Monday, April 03, 2006

 

2 Key Threats to the Family

2 Key Threats to the Family
According to Theologian Father Michael Hull

NEW YORK, APRIL 2, 2006 (Zenit.org).- Here is the text of an address Father
Michael Hull of New York delivered at a theologians videoconference last
Tuesday. The Congregation for Clergy organized the international
videoconference.

* * *

Threats to the Family

By Father Michael Hull

The family is the beginning and the basis of all human society. Thus has it
been from creation: "Then the Lord God said: 'It is not good that the man
should be alone; I will make him a helper fit for him'" (Genesis 2:18).

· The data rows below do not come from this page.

lemma TF3_eq_reduced:
  assumes g1: "colspan n (sg1 K B s) \<subseteq> colspan n V"
    and g2: "colspan n (sg2 K B N H m s s) \<subseteq> colspan n V"
    and span: "colspan n (minv (K (s + s + s)) * diag_rhs3 N H m s (sg1 K B s) (sg2 K B N H m s s))
                 \<subseteq> colspan n V
               \<or> colspan n (ctr (minv (K (s + s + s))) * ctr (C (s + s + s))) \<subseteq> colspan n W"
  shows "TF3 C K B N H m s s s = TF3 Cr Kr Br Nr Hr m s s s"
proof -
  define t where "t = s + s + s"
  define R where "R = diag_rhs3 N H m s (sg1 K B s) (sg2 K B N H m s s)"
  have t: "t \<in> {s, s + s, s + s + s}" by (simp add: t_def)
  have R: "R \<in> carrier_mat n (m * m * m)"
    unfolding R_def using diag_rhs3_carrier_mat[OF sg1_carrier sg2_carrier] H_carrier N_carrier by simp
  have Kr: "ctr W * K t * V \<in> carrier_mat r r"
    using adjoint_carrier_mat[OF W_carrier] K_carrier[OF t] V_carrier by simp
  have "C t * V * (minv (ctr W * K t * V) * (ctr W * R)) = C t * (minv (K t) * R)"
    by (rule projected_response_eq) (use span[folded t_def R_def] C_carrier[OF t] K_carrier[OF t]
        K_invertible[OF t] V_carrier W_carrier reduced_K_invertible[OF t] R in auto)
  then show ?thesis
    unfolding TF3_def redC_def redK_def sg3_eq reduced_sg3_eq[OF g1 g2]
      t_def[symmetric] R_def[symmetric]
    using mult_smult_distrib[OF C_carrier[OF t] mult_carrier_mat[OF minv_K_carrier[OF t] R]]
      mult_smult_distrib[OF mult_carrier_mat[OF C_carrier[OF t] V_carrier] mult_carrier_mat[OF
        invertible_mat_minv(3)[OF Kr reduced_K_invertible[OF t]]
        mult_carrier_mat[OF adjoint_carrier_mat[OF W_carrier] R]]]
    by simp
qed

Aristotle has a sense of this when he describes the family as the
fundamental community between men and women ("Politica" I.2). St. Augustine
speaks of marriage as "the first natural bond of human society" ("De bono
conjugali" 1.1).

Threats to the family are those that imperil this bond, especially when it
is sealed as a sacrament. Perhaps the two gravest threats to the family are
divorce and artificial birth control. The former destroys the family by
tearing it asunder; the latter frustrates natural expansion of the family
and the human community.

Civil divorce has become de rigueur in many developed countries and is on
the rise all over the world. In most countries these days, divorce is a
simple civil matter, easily obtained and no longer socially stigmatized.
The breakup of families is common and carefree, with little concern for Our
Lord's solemn admonitions against divorce (Matthew 5:31-32; 19:3-9; Mark
10:2-12; Luke 16:18; cf. 1 Corinthians 7:10-16).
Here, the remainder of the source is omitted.